* **Exercise**
Produce a verbatim transcription of the records below, beginning at the line containing "using grad_zero_imp_residual_orthogonal[OF assms(1-3)" and ending at the final line; include only those lines.

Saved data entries

┄┄┄┄┄┄┄┄┄┄┄┄┄┄┄┄┄┄┄┄

(* Let $\mathbf{u}=(u_1,u_2)\in\mathbb{R}[x_1,x_2]_d^2$ and $p\in\Sigma[x_1,x_2]_{2d}$, and suppose $\nabla f_p(\mathbf{u})=0$. If $p\in\operatorname{im}(\mathcal{A}_{\mathbf{u}})$, where $\mathcal{A}_{\mathbf{u}}:\mathbb{R}[x_1,x_2]_d^2\to\mathbb{R}[x_1,x_2]_{2d}$, $(v_1,v_2)\mapsto u_1v_1+u_2v_2$, then $f_p(\mathbf{u})=0$.
   Context: $\mathbb{R}[x_1,x_2]_n$ denotes the space of real binary forms (homogeneous polynomials in $x_1,x_2$) of degree $n$, and $\Sigma[x_1,x_2]_{2d}\subseteq\mathbb{R}[x_1,x_2]_{2d}$ the cone of sums of squares of binary forms of degree $d$. Fix any inner product $\langle\cdot,\cdot\rangle$ on $\mathbb{R}[x_1,x_2]_{2d}$ with induced norm $\|\cdot\|$, and let $f_p(\mathbf{u})=\|u_1^2+u_2^2-p\|^2$ for $\mathbf{u}\in\mathbb{R}[x_1,x_2]_d^2$. The gradient is taken with respect to the finite-dimensional real vector space $\mathbb{R}[x_1,x_2]_d^2$; $\nabla f_p(\mathbf{u})=0$ is equivalent to $\langle u_1v_1+u_2v_2,\,u_1^2+u_2^2-p\rangle=0$ for all $(v_1,v_2)\in\mathbb{R}[x_1,x_2]_d^2$. *)

theory Defs
  imports "HOL-Analysis.Analysis" "HOL-Computational_Algebra.Polynomial"
begin

text \<open>A real binary form of degree n, a_0 x2^n + a_1 x1 x2^(n-1) + ... + a_n x1^n, is encoded
  by the univariate polynomial a_0 + a_1 X + ... + a_n X^n of degree at most n
  (dehomogenisation x2 = 1).  This is a linear isomorphism, and multiplication of forms
  of degrees m and n corresponds to multiplication of polynomials.\<close>

definition bforms :: "nat \<Rightarrow> real poly set" where
  "bforms n = {q. degree q \<le> n}"

definition sos_forms :: "nat \<Rightarrow> real poly set" where
  "sos_forms d = {p. \<exists>qs. (\<forall>q\<in>set qs. q \<in> bforms d) \<and> p = sum_list (map (\<lambda>q. q ^ 2) qs)}"

definition is_inner_product :: "nat \<Rightarrow> (real poly \<Rightarrow> real poly \<Rightarrow> real) \<Rightarrow> bool" where
  "is_inner_product n ip \<longleftrightarrow>
     (\<forall>p\<in>bforms n. \<forall>q\<in>bforms n. ip p q = ip q p) \<and>
     (\<forall>a b. \<forall>p\<in>bforms n. \<forall>q\<in>bforms n. \<forall>r\<in>bforms n.
         ip (smult a p + smult b q) r = a * ip p r + b * ip q r) \<and>
     (\<forall>p\<in>bforms n. p \<noteq> 0 \<longrightarrow> ip p p > 0)"

definition ip_norm :: "(real poly \<Rightarrow> real poly \<Rightarrow> real) \<Rightarrow> real poly \<Rightarrow> real" where
  "ip_norm ip q = sqrt (ip q q)"

definition fp :: "(real poly \<Rightarrow> real poly \<Rightarrow> real) \<Rightarrow> real poly \<Rightarrow> real poly \<Rightarrow> real poly \<Rightarrow> real" where
  "fp ip p u1 u2 = (ip_norm ip (u1 ^ 2 + u2 ^ 2 - p)) ^ 2"

definition grad_zero :: "nat \<Rightarrow> (real poly \<Rightarrow> real poly \<Rightarrow> real) \<Rightarrow> real poly \<Rightarrow> real poly \<Rightarrow> real poly \<Rightarrow> bool" where
  "grad_zero d ip p u1 u2 \<longleftrightarrow>
     (\<forall>v1\<in>bforms d. \<forall>v2\<in>bforms d.
        ((\<lambda>t. fp ip p (u1 + smult t v1) (u2 + smult t v2)) has_real_derivative 0) (at 0))"

end

theory Submission
  imports Defs
begin

text \<open>Let r = u1^2 + u2^2 - p be the residual.  Differentiating f_p along the line u + t v gives
  4 \<langle>u1 v1 + u2 v2, r\<rangle>, so a critical point has its residual orthogonal to the image of A_u.
  If p = u1 w1 + u2 w2 lies in that image, then r = u1 (u1 - w1) + u2 (u2 - w2) lies there too,
  hence \<langle>r, r\<rangle> = 0 and f_p(u) = 0.\<close>

lemma bforms_0 [simp]: "0 \<in> bforms n"
  by (simp add: bforms_def)

lemma bforms_add: "x \<in> bforms n \<Longrightarrow> y \<in> bforms n \<Longrightarrow> x + y \<in> bforms n"
  by (simp add: bforms_def degree_add_le)

lemma bforms_diff: "x \<in> bforms n \<Longrightarrow> y \<in> bforms n \<Longrightarrow> x - y \<in> bforms n"
  by (simp add: bforms_def degree_diff_le)

lemma bforms_smult: "x \<in> bforms n \<Longrightarrow> smult c x \<in> bforms n"
  by (simp add: bforms_def)

lemma bforms_mult: "x \<in> bforms m \<Longrightarrow> y \<in> bforms n \<Longrightarrow> x * y \<in> bforms (m + n)"
  unfolding bforms_def by (auto intro: order.trans[OF degree_mult_le])

lemma bforms_mult_double: "x \<in> bforms d \<Longrightarrow> y \<in> bforms d \<Longrightarrow> x * y \<in> bforms (2 * d)"
  using bforms_mult[of x d y d] by (simp add: mult_2)

context
  fixes n :: nat and ip :: "real poly \<Rightarrow> real poly \<Rightarrow> real"
  assumes ip: "is_inner_product n ip"
begin

lemma ip_commute: "x \<in> bforms n \<Longrightarrow> y \<in> bforms n \<Longrightarrow> ip x y = ip y x"
  using ip by (simp add: is_inner_product_def)

lemma ip_smult_add_left:
  "x \<in> bforms n \<Longrightarrow> y \<in> bforms n \<Longrightarrow> z \<in> bforms n \<Longrightarrow>
    ip (smult a x + smult b y) z = a * ip x z + b * ip y z"
  using ip by (simp add: is_inner_product_def)

lemma ip_add_left: "x \<in> bforms n \<Longrightarrow> y \<in> bforms n \<Longrightarrow> z \<in> bforms n \<Longrightarrow>
    ip (x + y) z = ip x z + ip y z"
  using ip_smult_add_left[of x y z 1 1] by simp

lemma ip_smult_left: "x \<in> bforms n \<Longrightarrow> z \<in> bforms n \<Longrightarrow> ip (smult a x) z = a * ip x z"
  using ip_smult_add_left[of x 0 z a 0] by simp

lemma ip_add_right: "x \<in> bforms n \<Longrightarrow> y \<in> bforms n \<Longrightarrow> z \<in> bforms n \<Longrightarrow>
    ip z (x + y) = ip z x + ip z y"
  by (simp add: ip_commute[of z] ip_add_left bforms_add)

lemma ip_smult_right: "x \<in> bforms n \<Longrightarrow> z \<in> bforms n \<Longrightarrow> ip z (smult a x) = a * ip z x"
  by (simp add: ip_commute[of z] ip_smult_left bforms_smult)

lemma ip_self_pos: "x \<in> bforms n \<Longrightarrow> x \<noteq> 0 \<Longrightarrow> ip x x > 0"
  using ip unfolding is_inner_product_def by blast

lemma ip_zero_zero: "ip 0 0 = 0"
  using ip_smult_left[of 0 0 0] by simp

lemma ip_self_nonneg: "x \<in> bforms n \<Longrightarrow> ip x x \<ge> 0"
  using ip_self_pos[of x] ip_zero_zero by force

lemma ip_norm_power2: "x \<in> bforms n \<Longrightarrow> ip_norm ip x ^ 2 = ip x x"
  by (simp add: ip_norm_def ip_self_nonneg)

lemma ip_self_add_smult:
  assumes "x \<in> bforms n" "y \<in> bforms n"
  shows "ip (x + smult t y) (x + smult t y) = ip x x + 2 * t * ip x y + t\<^sup>2 * ip y y"
proof -
  have ty: "smult t y \<in> bforms n"
    using assms(2) by (rule bforms_smult)
  have "ip (x + smult t y) (x + smult t y)
      = ip x x + ip x (smult t y) + ip (smult t y) x + ip (smult t y) (smult t y)"
    using assms ty by (simp add: ip_add_left ip_add_right bforms_add)
  also have "\<dots> = ip x x + 2 * t * ip x y + t\<^sup>2 * ip y y"
    using assms by (simp add: ip_smult_left ip_smult_right ip_commute[of y x] bforms_smult
        power2_eq_square)
  finally show ?thesis .
qed

lemma has_real_derivative_ip_self_quadratic_curve:
  assumes "x \<in> bforms n" "y \<in> bforms n" "z \<in> bforms n"
  shows "((\<lambda>t. ip (x + smult t (y + smult t z)) (x + smult t (y + smult t z)))
           has_real_derivative 2 * ip x y) (at 0)"
proof -
  have "ip (x + smult t (y + smult t z)) (x + smult t (y + smult t z))
      = ip x x + 2 * t * (ip x y + t * ip x z)
        + t\<^sup>2 * (ip y y + 2 * t * ip y z + t\<^sup>2 * ip z z)" for t
    using assms ip_self_add_smult[of x "y + smult t z" t] ip_self_add_smult[of y z t]
    by (simp add: bforms_add bforms_smult ip_add_right ip_smult_right)
  then show ?thesis
    by (simp only:) (auto intro!: derivative_eq_intros)
qed

end

lemma residual_along_line:
  fixes u1 u2 v1 v2 p :: "'a :: comm_ring_1 poly"
  shows "(u1 + smult t v1)\<^sup>2 + (u2 + smult t v2)\<^sup>2 - p
       = (u1\<^sup>2 + u2\<^sup>2 - p) + smult t (2 * (u1 * v1 + u2 * v2) + smult t (v1\<^sup>2 + v2\<^sup>2))"
proof -
  have "(u1 + T * v1)\<^sup>2 + (u2 + T * v2)\<^sup>2 - p
      = (u1\<^sup>2 + u2\<^sup>2 - p) + T * (2 * (u1 * v1 + u2 * v2) + T * (v1\<^sup>2 + v2\<^sup>2))" for T
    by (simp add: algebra_simps power2_eq_square)
  from this[of "[:t:]"] show ?thesis
    by simp
qed

lemma grad_zero_imp_residual_orthogonal:
  assumes ip: "is_inner_product (2 * d) ip"
    and u: "u1 \<in> bforms d" "u2 \<in> bforms d" and v: "v1 \<in> bforms d" "v2 \<in> bforms d"
    and p: "p \<in> bforms (2 * d)"
    and crit: "grad_zero d ip p u1 u2"
  shows "ip (u1\<^sup>2 + u2\<^sup>2 - p) (u1 * v1 + u2 * v2) = 0"
proof -
  define r where "r = u1\<^sup>2 + u2\<^sup>2 - p"
  define a where "a = 2 * (u1 * v1 + u2 * v2)"
  define b where "b = v1\<^sup>2 + v2\<^sup>2"
  have uv: "u1 * v1 + u2 * v2 \<in> bforms (2 * d)"
    using u v by (simp add: bforms_add bforms_mult_double)
  have r: "r \<in> bforms (2 * d)"
    unfolding r_def power2_eq_square using u p
    by (simp add: bforms_add bforms_diff bforms_mult_double)
  have a: "a \<in> bforms (2 * d)"
    unfolding a_def mult_2[of "u1 * v1 + u2 * v2"] using uv uv by (rule bforms_add)
  have b: "b \<in> bforms (2 * d)"
    unfolding b_def power2_eq_square using v by (simp add: bforms_add bforms_mult_double)
  have "fp ip p (u1 + smult t v1) (u2 + smult t v2)
      = ip (r + smult t (a + smult t b)) (r + smult t (a + smult t b))" for t
    unfolding fp_def residual_along_line r_def[symmetric] a_def[symmetric] b_def[symmetric]
    using r a b by (simp add: ip_norm_power2[OF ip] bforms_add bforms_smult)
  then have "((\<lambda>t. fp ip p (u1 + smult t v1) (u2 + smult t v2))
      has_real_derivative 2 * ip r a) (at 0)"
    using has_real_derivative_ip_self_quadratic_curve[OF ip r a b] by simp
  moreover have "((\<lambda>t. fp ip p (u1 + smult t v1) (u2 + smult t v2))
      has_real_derivative 0) (at 0)"
    using crit v unfolding grad_zero_def by blast
  ultimately have "2 * ip r a = 0"
    by (rule DERIV_unique)
  then show ?thesis
    unfolding a_def mult_2[of "u1 * v1 + u2 * v2"] r_def[symmetric]
    using ip_add_right[OF ip uv uv r] by simp
qed

theorem proposition4p1:
  fixes d :: nat and ip :: "real poly \<Rightarrow> real poly \<Rightarrow> real" and u1 u2 p :: "real poly"
  assumes "is_inner_product (2 * d) ip"
    and "u1 \<in> bforms d" and "u2 \<in> bforms d"
    and "p \<in> sos_forms d"
    and "grad_zero d ip p u1 u2"
    and "\<exists>v1\<in>bforms d. \<exists>v2\<in>bforms d. p = u1 * v1 + u2 * v2"
  shows "fp ip p u1 u2 = 0"
proof -
  obtain w1 w2 where w: "w1 \<in> bforms d" "w2 \<in> bforms d" and p: "p = u1 * w1 + u2 * w2"
    using assms(6) by blast
  define r where "r = u1\<^sup>2 + u2\<^sup>2 - p"
  have r_image: "r = u1 * (u1 - w1) + u2 * (u2 - w2)"
    unfolding r_def p by (simp add: algebra_simps power2_eq_square)
  have r: "r \<in> bforms (2 * d)"
    unfolding r_image using assms(2,3) w by (simp add: bforms_add bforms_diff bforms_mult_double)
  have "p \<in> bforms (2 * d)"
    unfolding p using assms(2,3) w by (simp add: bforms_add bforms_mult_double)
  then have "ip r r = 0"
    using grad_zero_imp_residual_orthogonal[OF assms(1-3) _ _ _ assms(5), of "u1 - w1" "u2 - w2"]
      assms(2,3) w
    unfolding r_image[symmetric] r_def[symmetric] by (simp add: bforms_diff)
  then show ?thesis
    unfolding fp_def r_def[symmetric] by (simp add: ip_norm_power2[OF assms(1) r])
qed

end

┄┄┄┄┄┄┄┄┄┄┄┄┄┄┄┄┄┄┄┄

* **Task solution**
    using grad_zero_imp_residual_orthogonal[OF assms(1-3) _ _ _ assms(5), of "u1 - w1" "u2 - w2"]
      assms(2,3) w
    unfolding r_image[symmetric] r_def[symmetric] by (simp add: bforms_diff)
  then show ?thesis
    unfolding fp_def r_def[symmetric] by (simp add: ip_norm_power2[OF assms(1) r])
qed

end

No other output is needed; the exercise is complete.